Just to follow up here @Zoe_Turner and to provide a future reference to others - I tried the arabicStemR
package you'd kindly suggested - worked like a charm!
The transliterate()
function simply follows a 1-to-1 transliteration scheme to render the Arabic letters as Latin letters.
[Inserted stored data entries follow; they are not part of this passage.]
lemma stair_nbrs_bottom_even:
  assumes "0 < s" and "even p" and "p < 4" and "z < r ^ s"
  shows "{y. stair_adj r s (Node s p z) y}
    = insert (parent r (Node s p z)) ((\<lambda>t. case_prod (Node s) (cross r p z t)) ` {..<r})"
proof (intro set_eqI iffI)
  fix y
  assume "y \<in> {y. stair_adj r s (Node s p z) y}"
  then consider "stair_arc r s (Node s p z) y" | "stair_arc r s y (Node s p z)"
    by (auto simp: stair_adj_def)
  then show "y \<in> insert (parent r (Node s p z)) ((\<lambda>t. case_prod (Node s) (cross r p z t)) ` {..<r})"
  proof cases
    case 1
    then show ?thesis
    proof cases
      case (cross_arc t p' z')
      then show ?thesis
        by (auto intro!: image_eqI[of _ _ t])
    qed auto
  next
    case 2
    then show ?thesis
      using assms(2,3) by cases (auto dest: cross_parity)
  qed
next
  fix y
  assume y: "y \<in> insert (parent r (Node s p z)) ((\<lambda>t. case_prod (Node s) (cross r p z t)) ` {..<r})"
  obtain s' where s': "s = Suc s'"
    using assms(1) gr0_implies_Suc by blast
  have "stair_arc r s (parent r (Node s p z)) (Node s p z)"
    using assms tree_arc[of s' s p z r] by (simp add: s')
  moreover have "stair_arc r s (Node s p z) (case_prod (Node s) (cross r p z t))" if "t < r" for t
    using cross_arc[OF assms(2,3,4) that] by (cases "cross r p z t") simp
  ultimately show "y \<in> {y. stair_adj r s (Node s p z) y}"
    using y by (auto simp: stair_adj_def)
qed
I switched the fill()
argument of separate()
back to right and now the letter sequencing matches up correctly.
Drawbacks here are that the transliteration scheme is somewhat hard to read, and when I tried to revert to Arabic through the reverse.transliterate()
function, it interpreted the entire column as a single string.
# Load packages
library(tidyverse)
library(arabicStemR)
# Create sample dataframe
root_letters <- c("أ", "آب", "أباجور", "دار")
entry <- c(1:4)
dict <- data.frame(entry, root_letters)
# Use transliterate() function in arabicStemR package to
dict <- dict %>%
mutate(trans_roots = transliterate(root_letters))
dict # display dataframe
#> entry root_letters trans_roots
#> 1 1 أ a
#> 2 2 آب ab
#> 3 3 أباجور abajwr
#> 4 4 دار dar
# Separate strings courtesy of arabicStemR's transliteration -------
# Find the maximum number of letters in a root
long <- max(nchar(dict$root_letters)) + 1 # requires 1 extra so the last letter isn't lost
dict_sep <- dict %>% separate(
trans_roots, # column to separate
"", # separate every character
into = paste0("r", (long + 1):1), # names of new variables to create as character vector,
remove = F, # keep original input column
extra = "drop", # drop any extra values without a warning.
fill = "right") # fill values on the right
dict_sep # display outcome
#> entry root_letters trans_roots r8 r7 r6 r5 r4 r3 r2 r1
#> 1 1 أ a a <NA> <NA> <NA> <NA> <NA> <NA>
#> 2 2 آب ab a b <NA> <NA> <NA> <NA> <NA>
#> 3 3 أباجور abajwr a b a j w r <NA>
#> 4 4 دار dar d a r <NA> <NA> <NA> <NA>